WOOD-RIDGE, N.J. – Members of Assumption Church here will be served cups of a special dessert called Noah’s Pudding by an Interfaith Center after all the Masses on the weekend of Feb. 18-19.
The pudding recalls the deliverance of Noah and his family from the flood, and Moses’s passing with the Israelites through the Red Sea.
“I am pleased to cooperate with the members of the Interfaith Dialog Center of Carlstadt,” said Brian Cullinane, Assumption’s pastor. “They offered to share the desserts with our parishioners. Noah’s Pudding symbolizes a spirit of neighborliness, unity, dialogue and peace.”
A brochure from the Center explains that as the ark was sailing after the flood “there was not enough food left to make a decent meal. So Noah gathered everybody together and mixed whatever food was left into a delicious meal. As a result, the believers survived the famine. The very next day, the flood receded. Today, we call that meal ‘Noah’s Pudding’ or ‘ashura.'”
Ashura is a day of fasting that Muslims observe on the first month of the Islamic calendar, celebrated this year on Feb. 9. It is derived from the Jewish Day of Atonement.

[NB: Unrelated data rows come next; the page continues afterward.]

(* Let $R$ be a ring, $n$ a positive integer, $P$ a divided weakly prime ideal of $R$, and $I$ a weakly $n$-absorbing ideal of $R$ with $\sqrt{I}=P$. Then $I$ is a weakly primary ideal of $R$.
   Context: All rings are commutative with $1\neq0$. A proper ideal $P$ is weakly prime if $0\neq ab\in P$ implies $a\in P$ or $b\in P$; a weakly prime ideal $P$ is divided if $P\subset xR$ for every $x\in R\setminus P$. A proper ideal $I$ is weakly primary if $0\neq ab\in I$ implies $a\in I$ or $b\in\sqrt{I}$. A proper ideal $I$ is weakly $n$-absorbing if whenever $0\neq a_1\cdots a_{n+1}\in I$ with $a_1,\dots,a_{n+1}\in R$, there are $n$ of the $a_i$'s whose product is in $I$. *)

theory Defs
  imports Main
begin

definition is_ideal :: "'a::comm_ring_1 set \<Rightarrow> bool" where
  "is_ideal I \<longleftrightarrow> 0 \<in> I \<and> (\<forall>x\<in>I. \<forall>y\<in>I. x + y \<in> I) \<and> (\<forall>x\<in>I. - x \<in> I)
     \<and> (\<forall>r. \<forall>x\<in>I. r * x \<in> I)"

definition proper_ideal :: "'a::comm_ring_1 set \<Rightarrow> bool" where
  "proper_ideal I \<longleftrightarrow> is_ideal I \<and> I \<noteq> UNIV"

definition rad :: "'a::comm_ring_1 set \<Rightarrow> 'a set" where
  "rad I = {x. \<exists>k::nat. x ^ k \<in> I}"

definition weakly_prime :: "'a::comm_ring_1 set \<Rightarrow> bool" where
  "weakly_prime P \<longleftrightarrow> proper_ideal P \<and>
     (\<forall>a b. a * b \<noteq> 0 \<and> a * b \<in> P \<longrightarrow> a \<in> P \<or> b \<in> P)"

definition divided_weakly_prime :: "'a::comm_ring_1 set \<Rightarrow> bool" where
  "divided_weakly_prime P \<longleftrightarrow> weakly_prime P \<and>
     (\<forall>x. x \<notin> P \<longrightarrow> P \<subseteq> {x * r | r. True})"

definition weakly_primary :: "'a::comm_ring_1 set \<Rightarrow> bool" where
  "weakly_primary I \<longleftrightarrow> proper_ideal I \<and>
     (\<forall>a b. a * b \<noteq> 0 \<and> a * b \<in> I \<longrightarrow> a \<in> I \<or> b \<in> rad I)"

text \<open>Elements a_0,...,a_n (n+1 of them); some n of them (omit index j) have product in I.\<close>
definition weakly_n_absorbing :: "nat \<Rightarrow> 'a::comm_ring_1 set \<Rightarrow> bool" where
  "weakly_n_absorbing n I \<longleftrightarrow> proper_ideal I \<and>
     (\<forall>a :: nat \<Rightarrow> 'a. (\<Prod>i\<le>n. a i) \<noteq> 0 \<and> (\<Prod>i\<le>n. a i) \<in> I \<longrightarrow>
        (\<exists>j\<le>n. (\<Prod>i\<in>{..n} - {j}. a i) \<in> I))"

end

theory Submission
  imports Defs
begin

text \<open>
  Let \<open>a b \<noteq> 0\<close> lie in \<open>I\<close> with \<open>b \<notin> \<surd>I = P\<close>. Then \<open>a \<in> P\<close>, and since \<open>b\<^sup>n\<^sup>-\<^sup>1 \<notin> P\<close> the
  divided property gives \<open>a = b\<^sup>n\<^sup>-\<^sup>1 c\<close>. Now \<open>a b = c \<cdot> b \<cdots> b\<close> is a nonzero product of \<open>n + 1\<close>
  factors in \<open>I\<close>, so either \<open>b\<^sup>n \<in> I\<close>, which is impossible, or \<open>c b\<^sup>n\<^sup>-\<^sup>1 = a \<in> I\<close>.
\<close>

lemma prod_if_zero_const:
  fixes c b :: "'a::comm_monoid_mult"
  assumes "finite A"
  shows "(\<Prod>i\<in>A. if i = (0::nat) then c else b) = (if 0 \<in> A then c * b ^ (card A - 1) else b ^ card A)"
proof -
  have "(\<Prod>i\<in>A. if i = 0 then c else b) = (\<Prod>i\<in>A \<inter> {0}. c) * (\<Prod>i\<in>A - {0}. b)"
    using prod.If_cases[OF assms, of "\<lambda>i. i = 0" "\<lambda>_. c" "\<lambda>_. b"]
    by (simp add: Diff_eq Collect_conv_if)
  also have "\<dots> = (if 0 \<in> A then c * b ^ (card A - 1) else b ^ card A)"
    using assms by (auto simp: card_Diff_singleton)
  finally show ?thesis .
qed

lemma weakly_n_absorbing_mult_power:
  fixes I :: "'a::comm_ring_1 set"
  assumes "weakly_n_absorbing n I" and "c * b ^ n \<noteq> 0" and "c * b ^ n \<in> I"
  shows "b ^ n \<in> I \<or> c * b ^ (n - 1) \<in> I"
proof -
  define f where "f i = (if i = 0 then c else b)" for i :: nat
  have "(\<Prod>i\<le>n. f i) = c * b ^ n"
    unfolding f_def by (simp add: prod_if_zero_const)
  then have "\<exists>j\<le>n. (\<Prod>i\<in>{..n} - {j}. f i) \<in> I"
    using assms unfolding weakly_n_absorbing_def by simp
  then obtain j where "j \<le> n" and "(\<Prod>i\<in>{..n} - {j}. f i) \<in> I" by blast
  moreover have "(\<Prod>i\<in>{..n} - {j}. f i) = (if j = 0 then b ^ n else c * b ^ (n - 1))"
    using \<open>j \<le> n\<close> unfolding f_def by (simp add: prod_if_zero_const card_Diff_singleton)
  ultimately show ?thesis by (auto split: if_splits)
qed

lemma mem_rad_of_power_mem_rad:
  assumes "x ^ k \<in> rad I"
  shows "x \<in> rad I"
proof -
  obtain m where "(x ^ k) ^ m \<in> I" using assms unfolding rad_def by blast
  then show ?thesis unfolding rad_def by (auto simp: power_mult[symmetric])
qed

lemma divided_weakly_primeD:
  assumes "divided_weakly_prime P" and "a \<in> P" and "x \<notin> P"
  obtains c where "a = x * c"
  using assms unfolding divided_weakly_prime_def by blast

theorem mainTheorem16:
  fixes P I :: "'a::comm_ring_1 set" and n :: nat
  assumes "n \<ge> 1"
    and "divided_weakly_prime P"
    and "weakly_n_absorbing n I"
    and "rad I = P"
  shows "weakly_primary I"
  unfolding weakly_primary_def
proof (intro conjI allI impI)
  show "proper_ideal I" using assms(3) unfolding weakly_n_absorbing_def by blast
  fix a b assume ab: "a * b \<noteq> 0 \<and> a * b \<in> I"
  show "a \<in> I \<or> b \<in> rad I"
  proof (rule disjCI)
    assume b_notin: "b \<notin> rad I"
    have "a * b \<in> P" using ab assms(4) unfolding rad_def by (auto intro: exI[of _ 1])
    then have "a \<in> P"
      using ab b_notin assms(2,4) unfolding divided_weakly_prime_def weakly_prime_def by blast
    moreover have "b ^ (n - 1) \<notin> P" using b_notin assms(4) mem_rad_of_power_mem_rad by blast
    ultimately obtain c where a_eq: "a = b ^ (n - 1) * c" by (rule divided_weakly_primeD[OF assms(2)])
    have "c * b ^ n = a * b"
      using assms(1) unfolding a_eq by (cases n) (simp_all add: algebra_simps)
    then have "b ^ n \<in> I \<or> c * b ^ (n - 1) \<in> I"
      using ab assms(3) by (intro weakly_n_absorbing_mult_power) simp_all
    moreover have "b ^ n \<notin> I" using b_notin unfolding rad_def by blast
    ultimately show "a \<in> I" unfolding a_eq by (simp add: mult.commute)
  qed
qed

end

The making of the pudding is a common practice among Muslims and Christians in the Middle East, the brochure notes. “In Turkey, people cook ashura every year. Christian communities throughout the Middle East prepare a similar sweet dish. People who cook ashura at home send a cup of it to each of their neighbors, because one has the responsibility to maintain good relations with their neighbors regardless of what their religion or beliefs may be.”
“That is the spirit of multi-culturalism in which I accepted the center’s invitation to share the cups of Noah’s Pudding with our people,” Brian said.
The ingredients of the pudding include wheat, white beans, chickpeas, raisins, almonds, peanuts, apricots, sugar and water. The recipe is available on the Internet.